Брайен шагнул к ней. В руках он держал распятие и фляжку со святой водой. Когда он начал обрызгивать женщину водой, та зашлась громким смехом.
— И ты думал, ничтожный, что какая-то святая вода сможет остановить разрушение и возрождение вселенной?!
Она швырнула в него саламандрой, которая вспыхнула на лету. Пламя было кроваво-красным и очень ярким. Брайен попятился. Эйнджел почувствовал, как Петра взяла его за руку. Он понимал, что она хотела его успокоить. И это действительно было приятно. Но он все равно убрал руку.
Ведьма расхохоталась. Саламандра мгновенно прожарилась — как мышь в микроволновой печи. Оператор как будто сошел с ума: он лихорадочно разворачивал камеру то туда, то сюда, стараясь снять все. Сразу и одновременно. У него на руке повис клубок внутренностей саламандры, но он этого не заметил.
Отражения разбушевавшейся ведьмы бесновались в бликующих зеркалах — размахивали сморщенными руками, трясли головами, так что гривы седых волос бились о плечи, как белая буря. От нее исходил густой запах распаленного тела и женских секреций.
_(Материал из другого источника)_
(* Let $d>2$ be even and let $H$ be a $d\times d$ complex Hadamard matrix. Let $H'$ be the dephased form of $H$. Suppose $H'$ has $m$ pairwise disjoint ER pairs of columns, where $1\le m<d/2$. Then $H$ belongs to an $m$-dimensional affine family: there exist $m$ linearly independent real $d\times d$ matrices $R_1,\dots,R_m$, each with zero first row and zero first column, such that $H'\circ\exp\!\big(i\sum_{k=1}^m \xi_k R_k\big)$ is a complex Hadamard matrix for every $(\xi_1,\dots,\xi_m)\in\mathbb{R}^m$.
   Context: A $d\times d$ complex Hadamard matrix is a matrix $H$ all of whose entries have modulus $1$ and whose columns are pairwise orthogonal (equivalently $HH^*=dI$). It is dephased if every entry of its first row and first column equals $1$; every complex Hadamard matrix $H$ can be written uniquely as $D_1H'D_2$ with $D_1,D_2$ diagonal unitary and $H'$ dephased, and $H'$ is called the dephased form of $H$. Two distinct columns $C_A,C_B$ of a complex Hadamard matrix form an ER (equivalent to real) pair if $\overline{(C_A)_j}(C_B)_j\in\{1,-1\}$ for every row index $j=0,\dots,d-1$. For matrices $A,B$ of equal size, $A\circ B$ is the entrywise (Hadamard) product and $\exp(iR)$ denotes the entrywise exponential $(\exp(iR))_{jk}=e^{iR_{jk}}$. *)

theory Defs
  imports Complex_Main
begin

text \<open>Square matrices of size d are represented as functions nat => nat => complex;
  only the entries with indices below d are meaningful. Rows/columns are indexed 0..d-1.\<close>

definition is_CHM :: "nat \<Rightarrow> (nat \<Rightarrow> nat \<Rightarrow> complex) \<Rightarrow> bool" where
  "is_CHM d H \<longleftrightarrow>
     (\<forall>j<d. \<forall>k<d. norm (H j k) = 1) \<and>
     (\<forall>k<d. \<forall>l<d. k \<noteq> l \<longrightarrow> (\<Sum>j<d. cnj (H j k) * H j l) = 0)"

definition dephased :: "nat \<Rightarrow> (nat \<Rightarrow> nat \<Rightarrow> complex) \<Rightarrow> bool" where
  "dephased d H \<longleftrightarrow> (\<forall>k<d. H 0 k = 1) \<and> (\<forall>j<d. H j 0 = 1)"

definition dephased_form_of ::
  "nat \<Rightarrow> (nat \<Rightarrow> nat \<Rightarrow> complex) \<Rightarrow> (nat \<Rightarrow> nat \<Rightarrow> complex) \<Rightarrow> bool" where
  "dephased_form_of d H H' \<longleftrightarrow>
     is_CHM d H' \<and> dephased d H' \<and>
     (\<exists>D1 D2 :: nat \<Rightarrow> complex.
        (\<forall>j<d. norm (D1 j) = 1) \<and> (\<forall>k<d. norm (D2 k) = 1) \<and>
        (\<forall>j<d. \<forall>k<d. H j k = D1 j * H' j k * D2 k))"

definition ER_pair :: "nat \<Rightarrow> (nat \<Rightarrow> nat \<Rightarrow> complex) \<Rightarrow> nat \<Rightarrow> nat \<Rightarrow> bool" where
  "ER_pair d H a b \<longleftrightarrow> a < d \<and> b < d \<and> a \<noteq> b \<and>
     (\<forall>j<d. cnj (H j a) * H j b \<in> {1, -1})"

end

theory Submission
  imports Defs "HOL-Library.Disjoint_Sets"
begin

text \<open>Let \<open>\<epsilon>\<^sub>k(j) = \<plusminus>1\<close> be the sign relating the columns \<open>a\<^sub>k\<close> and \<open>b\<^sub>k\<close> of \<open>H'\<close> in row \<open>j\<close>.
  Multiplying both columns of one ER pair by a phase that depends on \<open>j\<close> only through
  \<open>\<epsilon>\<^sub>k(j)\<close> keeps the matrix Hadamard: such a phase has the form \<open>A + B \<epsilon>\<^sub>k(j)\<close>, so the new
  columns are \<open>A H\<^sub>a + B H\<^sub>b\<close> and \<open>A H\<^sub>b + B H\<^sub>a\<close>, still orthogonal to every other column, and
  orthogonal to each other because they carry the same phases. Doing this independently on
  the disjoint pairs, with phase \<open>exp (i \<xi>\<^sub>k)\<close> exactly where \<open>\<epsilon>\<^sub>k = -1\<close>, gives the family; up to a row
  phase \<open>R\<^sub>k\<close> is the indicator of \<open>{\<epsilon>\<^sub>k = -1} \<times> {a\<^sub>k, b\<^sub>k}\<close>. The \<open>R\<^sub>k\<close> are independent since a
  column outside all pairs exists (\<open>2m < d\<close>) and every \<open>\<epsilon>\<^sub>k\<close> takes the value \<open>-1\<close>, as
  \<open>\<Sum>\<^sub>j \<epsilon>\<^sub>k(j) = 0\<close> by orthogonality.\<close>

lemma cnj_mult_self_of_norm_1: "norm (z::complex) = 1 \<Longrightarrow> cnj z * z = 1"
  by (metis complex_norm_square mult.commute of_real_1 power_one)

lemma orthogonal_sym:
  fixes x y :: "nat \<Rightarrow> complex"
  assumes "(\<Sum>j<d. cnj (x j) * y j) = 0"
  shows "(\<Sum>j<d. cnj (y j) * x j) = 0"
proof -
  have "(\<Sum>j<d. cnj (y j) * x j) = cnj (\<Sum>j<d. cnj (x j) * y j)"
    by (simp add: mult.commute)
  with assms show ?thesis by simp
qed

lemma orthogonal_sign_dependent_factor:
  fixes x y \<epsilon> :: "nat \<Rightarrow> complex"
  assumes sign: "\<forall>j<d. \<epsilon> j = 1 \<or> \<epsilon> j = -1"
    and orth: "(\<Sum>j<d. cnj (x j) * y j) = 0"
    and orth_signed: "(\<Sum>j<d. cnj (x j * \<epsilon> j) * y j) = 0"
  shows "(\<Sum>j<d. cnj (x j * (if \<epsilon> j = 1 then u else v)) * y j) = 0"
proof -
  have "(\<Sum>j<d. cnj (x j * (if \<epsilon> j = 1 then u else v)) * y j)
      = (\<Sum>j<d. cnj ((u + v) / 2) * (cnj (x j) * y j) + cnj ((u - v) / 2) * (cnj (x j * \<epsilon> j) * y j))"
    using sign by (intro sum.cong) (auto simp: field_simps)
  also have "\<dots> = cnj ((u + v) / 2) * (\<Sum>j<d. cnj (x j) * y j)
                 + cnj ((u - v) / 2) * (\<Sum>j<d. cnj (x j * \<epsilon> j) * y j)"
    by (simp add: sum.distrib sum_distrib_left)
  finally show ?thesis using orth orth_signed by simp
qed

lemma is_CHM_row_phase:
  assumes "is_CHM d H" and "\<forall>j<d. norm (u j) = 1"
  shows "is_CHM d (\<lambda>j l. H j l * u j)"
  unfolding is_CHM_def
proof (intro conjI allI impI)
  fix j l assume "j < d" "l < d"
  then show "norm (H j l * u j) = 1"
    using assms unfolding is_CHM_def by (simp add: norm_mult)
next
  fix k l assume kl: "k < d" "l < d" "k \<noteq> l"
  have "(\<Sum>j<d. cnj (H j k * u j) * (H j l * u j)) = (\<Sum>j<d. cnj (H j k) * H j l * (cnj (u j) * u j))"
    by (simp add: ac_simps)
  also have "\<dots> = (\<Sum>j<d. cnj (H j k) * H j l)"
    using assms(2) by (intro sum.cong) (simp_all add: cnj_mult_self_of_norm_1)
  finally show "(\<Sum>j<d. cnj (H j k * u j) * (H j l * u j)) = 0"
    using assms(1) kl unfolding is_CHM_def by simp
qed

definition pair_sign :: "(nat \<Rightarrow> nat \<Rightarrow> complex) \<Rightarrow> nat \<Rightarrow> nat \<Rightarrow> nat \<Rightarrow> complex" where
  "pair_sign H a b j = cnj (H j a) * H j b"

definition pair_twist ::
  "complex \<Rightarrow> complex \<Rightarrow> nat \<Rightarrow> nat \<Rightarrow> (nat \<Rightarrow> nat \<Rightarrow> complex) \<Rightarrow> nat \<Rightarrow> nat \<Rightarrow> complex" where
  "pair_twist u v a b H j l =
     (if l = a \<or> l = b then H j l * (if pair_sign H a b j = 1 then u else v) else H j l)"

lemma pair_sign_cases:
  "ER_pair d H a b \<Longrightarrow> j < d \<Longrightarrow> pair_sign H a b j = 1 \<or> pair_sign H a b j = -1"
  unfolding ER_pair_def pair_sign_def by auto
Эйнджел узнал этот запах, потому что так пахло от мамы — и когда от нее так пахло, это значило, что она снова хочет его сожрать, изнасиловать, всосать обратно в свою утробу.
Господи, подумал Эйнджел, я помню, как Беки Слейд хотела потрогать меня, «где нельзя», но я ей не дал — потому что меня уже трогали там, где нельзя. Меня уже опозорили и испортили. И ему вдруг отчаянно захотелось взять Петру за руку... и заплакать. Заплакать, как плачут маленькие — горько и безутешно. Из-за того, что было. И из-за того, что будет сейчас... и из-за того, что уже никогда не будет...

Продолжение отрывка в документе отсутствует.